Question for you mom and dad bloggers. Do you ever feel weird about it - this blogging thing?
I do. Sometimes. Sometimes I feel odd about the fact that pieces of my life are out there, floating around cyberspace, available for anyone to see. I mean, anyone could be reading. My mailman. Someone from Australia that I've never met. An ex-boyfriend. Shudder.
The thing with mom blogs is, they aren't like other types of blog - like politics blogs, or technical blogs, for instance, where there's no emotional attachment to the content. Parent blogs are filled with snippets of lives - stories about families, photos of kids, opinions on various parenting issues.
When I started my blog last year, it was to give myself a creative space - a page where I could empty out my thoughts at a time when there was no other outlet. I wasn't thinking too much about who was reading, I just did it because I enjoyed it.
I sort of drifted in and out of blogging for a while, half wondering whether it was worth continuing. Then a friend mentioned she was reading, and enjoying it, and I thought, oh - there is a purpose, a reason to keep writing. People will actually read the thing, and maybe respond.
So, realizing I was being a bit of a loner and should probably snap out of it, I started looking around at other mom / dad blogs*, to see what they were doing. There are LOTS. Thousands. Yes, I naively had no idea how many. Some of them were extremely pretty with fancy designs. Some had lots of followers. Some were actually making a living off their blog.
One of the things that shocked me (here we go again with the naivety) was the nasty comments that some of these very popular mom blogs received. I mean really nasty. Hundreds, maybe even thousands of people read these blogs every day - tracking their life, watching their kids grow up, interacting with them. And I think it's that - the thought that someone can publish their life online, using their experiences and their thoughts to draw a crowd - and it's so vulnerable, so exposed.

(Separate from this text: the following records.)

(* For every $x\in B_1(e_N)$, $$\lim_{s\to0^+}\mathbb{G}_\alpha[\Gamma_s](x)=+\infty,\qquad\text{where }\ \mathbb{G}_\alpha[\Gamma_s](x)=\int_{B_1(e_N)}G_\alpha(x,y)\Gamma_s(y)dy,\quad \Gamma_s(y)=\frac{c_{N,\alpha}}{|y+se_N|^{N+2\alpha}}.$$
   Context: $N\ge2$, $\alpha\in(0,1)$, $e_N=(0,\dots,0,1)$, $B_1(e_N)$ the open unit ball centered at $e_N$, $c_{N,\alpha}=\left(\int_{\mathbb{R}^N}\frac{1-\cos(z_1)}{|z|^{N+2\alpha}}dz\right)^{-1}$. $G_\alpha$ is the Green kernel of the fractional Laplacian $(-\Delta)^\alpha$ in $B_1(e_N)$ with zero exterior condition. *)

theory Defs
  imports "HOL-Analysis.Analysis"
begin

text \<open>Normalising constant c_{N,alpha} of the fractional Laplacian in R^N, N = CARD('n);
  the coordinate i plays the role of z_1 (the value is independent of i by symmetry).\<close>
definition c_frac :: "'n::finite \<Rightarrow> real \<Rightarrow> real" where
  "c_frac i \<alpha> = 1 / (LINT z|(lborel :: (real^'n) measure).
      (1 - cos (z $ i)) / norm z powr (real CARD('n) + 2 * \<alpha>))"

text \<open>Constant in the Riesz / Blumenthal-Getoor-Ray formula for the Green function of
  (-Delta)^alpha (symbol |xi|^(2 alpha)) in a ball, N > 2 alpha.\<close>
definition kappa_green :: "nat \<Rightarrow> real \<Rightarrow> real" where
  "kappa_green N \<alpha> = Gamma (real N / 2) / (2 powr (2 * \<alpha>) * pi powr (real N / 2) * (Gamma \<alpha>)\<^sup>2)"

Parenting is such a sensitive subject, maybe THE most sensitive subject in the world, so those spiteful comments can really hurt.
Maybe it's because I'm late to blogging - I don't fully understand the inner workings of the blogosphere yet. I don't know what terms like "RSS Feed" mean, or what a "meme" is. I'm not even on Twitter. Shock! (and I'm still alive.)
Maybe it's because I'm a sensitive soul who could be compared to a mother lion ferociously guarding her cubs from the world, ready to rip a limb off anyone that even remotely tries to harm her babes.
Maybe I should be quiet now and just keep blogging.
*There should be a blog word for mom blogs - don't you think? Mogs? Mlogs? Bloms?